It is painfully boring for the learners, and it is equally painful for the teacher. The fact it is completely ineffective to teach or learn higher order processes and skills makes it doubly not worth using.

Direct Instruction is the worst of all teaching methods, and continuing to use it just reinforces the boring nature of what learning can be. It doesn’t have to be that way! It really doesn’t.

When I write lessons, whether it was for high school or for the college classes I am teaching now, I start each lesson with these questions (replacing math with teaching now):

Am I:

–Assisting learners in creating THEIR own math understanding?


Forcing learners to curate and consume MY math understanding?

My goal is clear. I want every learner to move beyond my understanding quickly and efficiently. That can’t happen with DI. DI is a way to force learners to store my knowledge and understanding.

And, we need to figure out ways to stop asking learners to store our knowledge and instead celebrate their own. There are many constructivist teaching models. We need to use them. Find two or three that resonate with you and practice them. And then, celebrate the accomplishments of learning for more than 2 seconds.

Calvin is sad for a reason.


Oct 122016

I had the opportunity to read a preprint edition of Malke Rosenfeld’s new book, Math on the Move, and here are my thoughts.

First off, let me start off with what this book is not. As educators we have probably sat through a professional development where someone told us that in math class, we can appeal to the “kinesthetic learning style” by having the learners up and moving around the classroom. We can appeal to “kinesthetic learners” by having them move their arms, or by doing gallery walks. I have sat through several of these. [yes, I put that phrase in quotes on purpose. I do not believe in ‘learning styles’. Multiple Intelligences, yes, learning styles, no.]
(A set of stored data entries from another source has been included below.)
(* Let $(R,\mathfrak{m})$ be a one-dimensional local Noetherian ring and let $n$ be a positive integer. If every $\mathfrak{m}$-primary ideal of $R$ has an $n$-generated reduction, then every ideal of $R$ has an $n$-generated reduction.
   Context: A reduction of an ideal $I$ is an ideal $J\subseteq I$ such that $I^{m+1}=JI^m$ for some $m>0$; it is $n$-generated if it can be generated by $n$ elements. *)

theory Defs
  imports "HOL-Algebra.Ideal_Product" "HOL-Algebra.Ring_Divisibility"
begin

definition local_ring :: "('a, 'b) ring_scheme \<Rightarrow> 'a set \<Rightarrow> bool" where
  "local_ring R m \<longleftrightarrow> cring R \<and> maximalideal m R \<and> (\<forall>I. maximalideal I R \<longrightarrow> I = m)"

definition prime_chain :: "('a, 'b) ring_scheme \<Rightarrow> nat \<Rightarrow> bool" where
  "prime_chain R n \<longleftrightarrow> (\<exists>P :: nat \<Rightarrow> 'a set.
      (\<forall>i \<le> n. primeideal (P i) R) \<and> (\<forall>i < n. P i \<subset> P (Suc i)))"

definition krull_dim_one :: "('a, 'b) ring_scheme \<Rightarrow> bool" where
  "krull_dim_one R \<longleftrightarrow> prime_chain R 1 \<and> \<not> prime_chain R 2"

definition ideal_radical :: "('a, 'b) ring_scheme \<Rightarrow> 'a set \<Rightarrow> 'a set" where
  "ideal_radical R I = {a \<in> carrier R. \<exists>k::nat. a [^]\<^bsub>R\<^esub> k \<in> I}"

definition primary_ideal :: "'a set \<Rightarrow> ('a, 'b) ring_scheme \<Rightarrow> bool" where
  "primary_ideal Q R \<longleftrightarrow> ideal Q R \<and> Q \<noteq> carrier R \<and>
     (\<forall>a \<in> carrier R. \<forall>b \<in> carrier R. a \<otimes>\<^bsub>R\<^esub> b \<in> Q \<longrightarrow> a \<in> Q \<or> (\<exists>k::nat. b [^]\<^bsub>R\<^esub> k \<in> Q))"

definition primary_to :: "('a, 'b) ring_scheme \<Rightarrow> 'a set \<Rightarrow> 'a set \<Rightarrow> bool" where
  "primary_to R m Q \<longleftrightarrow> primary_ideal Q R \<and> ideal_radical R Q = m"

primrec ideal_pow :: "('a, 'b) ring_scheme \<Rightarrow> 'a set \<Rightarrow> nat \<Rightarrow> 'a set" where
  "ideal_pow R I 0 = carrier R"
| "ideal_pow R I (Suc k) = ideal_prod R I (ideal_pow R I k)"

definition is_reduction :: "('a, 'b) ring_scheme \<Rightarrow> 'a set \<Rightarrow> 'a set \<Rightarrow> bool" where
  "is_reduction R J I \<longleftrightarrow> ideal J R \<and> J \<subseteq> I \<and>
     (\<exists>m > 0. ideal_pow R I (Suc m) = ideal_prod R J (ideal_pow R I m))"

definition n_generated :: "('a, 'b) ring_scheme \<Rightarrow> nat \<Rightarrow> 'a set \<Rightarrow> bool" where
  "n_generated R n J \<longleftrightarrow> (\<exists>A \<subseteq> carrier R. finite A \<and> card A \<le> n \<and> J = genideal R A)"

end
Rosenfeld’s book is not this. No where near this. This book is not about “kinesthetic learning” this is about making connections in mathematics through motion, body, and dance for elementary school learners. It is an amazing concept to think about. I really appreciate that on page 2, she says, “not all of dance is mathematical and not all math is danceable.” That sets the tone for the entire book. Rosenfeld looks for the strengths in using movement, and using the body as a thinking tool. This is a powerful idea, and the first chapter of the book is about what doesn’t and does count as using the body as a thinking tool. I loved the deep thinking this chapter provoked, because it made really think about dance and movement with respect to math.

And, let me be honest. My knowledge of math through motion is very limited. My idea of dancing is more aligned with this guy than anything that someone else would consider “dancing.” Honestly, I wondered for a moment if someone had recorded me actually dancing when I saw this gif.

dancing-gif via

But, despite the fact I am both musically and rhythmically challenged, I have always thought there was opportunity to connect math and movement. I have never figured out how, but I have been intrigued by the idea. After reading the table on page 17 I realized why.

table of nouns and verbs about math movement

The verbs of math are aligned with the verbs of dancing. The nouns of math are also aligned in large part. Looking at the list, and knowing, intellectually, about the ideas of dance, it is easy to understand how strong the connection is. Through examples of learner work, QR codes showing video of learners moving, multiple lesson examples, pictures, role playing examples, and well developed explanations, Rosenfeld shows me how to implement dance in a very constructive way in the elementary classroom. By the end of chapter 3, I was willing to try it with elementary kids tomorrow. That takes a lot for me to say, because I am secondary through and through. Little kids scare me. But I am so excited by the opportunity I see after the first three chapters of lessons that I am willing to try them. They are so interesting!

I think the real power comes later in the book when the 6 stages are developed further.

  1. Understand
  2. Experiment
  3. Create
  4. Combine
  5. Transform
  6. Communicate

These stages allow learners to move from the understanding of a concept and goal to the creation of a multi-step dance pattern and ending with the discussion and communication of the idea through a presentation of the dance. The last half of the book has QR Codes on almost every single page with video link examples. The depth of knowledge these can provide is stunning.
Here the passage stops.